Now imagine because of Bank of America's huge exposure to Greece, they go bankrupt as Greece defaults on all debts, guess what? The NYSE, even though it has first lien position, just lost a sizable amount of the trader's capital, just like MF Global.


This is how bad the situation is and how desperate banks are to find any kind of money available to them!


This would also explain why in Italy you must wait for your money as it is being lent at an interest rate, they don't want to order any more money then absolutely needed otherwise they pay interest on capital that may not be used.


This is astounding news and introduces a whole new lass of moral hazard and as usual, incredibly dumb decisions taken by everyone in the EU with little thought, except this isn't out of survival for the London Stock Exchange, it is pure greed.

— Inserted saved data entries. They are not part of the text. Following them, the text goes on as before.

definition betaB :: "'b topology \<Rightarrow> 'a topology \<Rightarrow> ('a \<Rightarrow> 'b)
                     \<Rightarrow> (('a \<Rightarrow> complex) \<Rightarrow> complex) topology" where
  "betaB B X r = subtopology (product_topology (\<lambda>_. euclidean) (HX B X r)) (characters (HX B X r))"

definition beta_i :: "'b topology \<Rightarrow> 'a topology \<Rightarrow> ('a \<Rightarrow> 'b) \<Rightarrow> 'a
                      \<Rightarrow> (('a \<Rightarrow> complex) \<Rightarrow> complex)" where
  "beta_i B X r x = restrict (\<lambda>g. g x) (HX B X r)"

end

theory Submission
  imports Defs
begin

(* The maps r' o f' and beta_B r are continuous into the Hausdorff space B and agree on i(X),
   since r' o f' o i = r' o f = r = beta_B r o i; so they agree on the closure of i(X), which is
   all of beta_B X.

   Density holds for the spectrum of any ideal H of C_b(X). A character phi takes each e in H to
   a point of the closure of e(X): otherwise e - phi(e) is invertible in C_b(X), and phi would
   vanish on H. Given g_1, ..., g_n in H, pick g_0 in H with phi(g_0) = 1; then the functions
   g_0 (g_j - phi(g_j)), and hence s = sum_j |g_0 (g_j - phi(g_j))|^2, lie in ker phi. The function
   e = g_0 / (1 + N s) still has phi(e) = 1, so |e(x) - 1| < 1/2 at some x; there |g_0(x)| > 1/2
   while N s(x) is bounded by 2 sup |g_0|, so every |g_j(x) - phi(g_j)| is small once N is large. *)

lemma continuous_map_mult:
  fixes f g :: "'a \<Rightarrow> 'b::real_normed_algebra"
  shows "\<lbrakk>continuous_map X euclidean f; continuous_map X euclidean g\<rbrakk>
    \<Longrightarrow> continuous_map X euclidean (\<lambda>x. f x * g x)"
  by (simp add: continuous_map_atin tendsto_mult)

When I said we would see things we can't even imagine and the consequences will be beyond our imagination, you just saw one of those things.





SPY Target

So far,  the SPY has been hovering right above $122, which is what I said yesterday in my Options Expiration "Market Pin" guess. There was some large open interest in the SPY $122 puts, which means to make those expire worthless, the SPY needs to close at $122 or slightly above.

That seems to be the action today as credit is not gearing up for another leg of risk thus far. The other concept which is familiar to most members is that once a serious level of support is broken, the market tends to linger or test that former support level or "kiss it goodbye", it's just the market's way of keep people uncertain.

Here would be a couple of guesses as to what any bounce might look like, if we get such a thing.

Quite a few members wrote me today hoping for a bounce to establish short positions feeling like they missed the bus, when looking at the intermediate term or a 60 min chart, clearly you haven't missed any bus, but a bounce would reduce risk on new short positions.


 The market broke below the triangle, however the lower end of the triangle still provides some support as you can see by the lateral trendline, that's exactly where the market is.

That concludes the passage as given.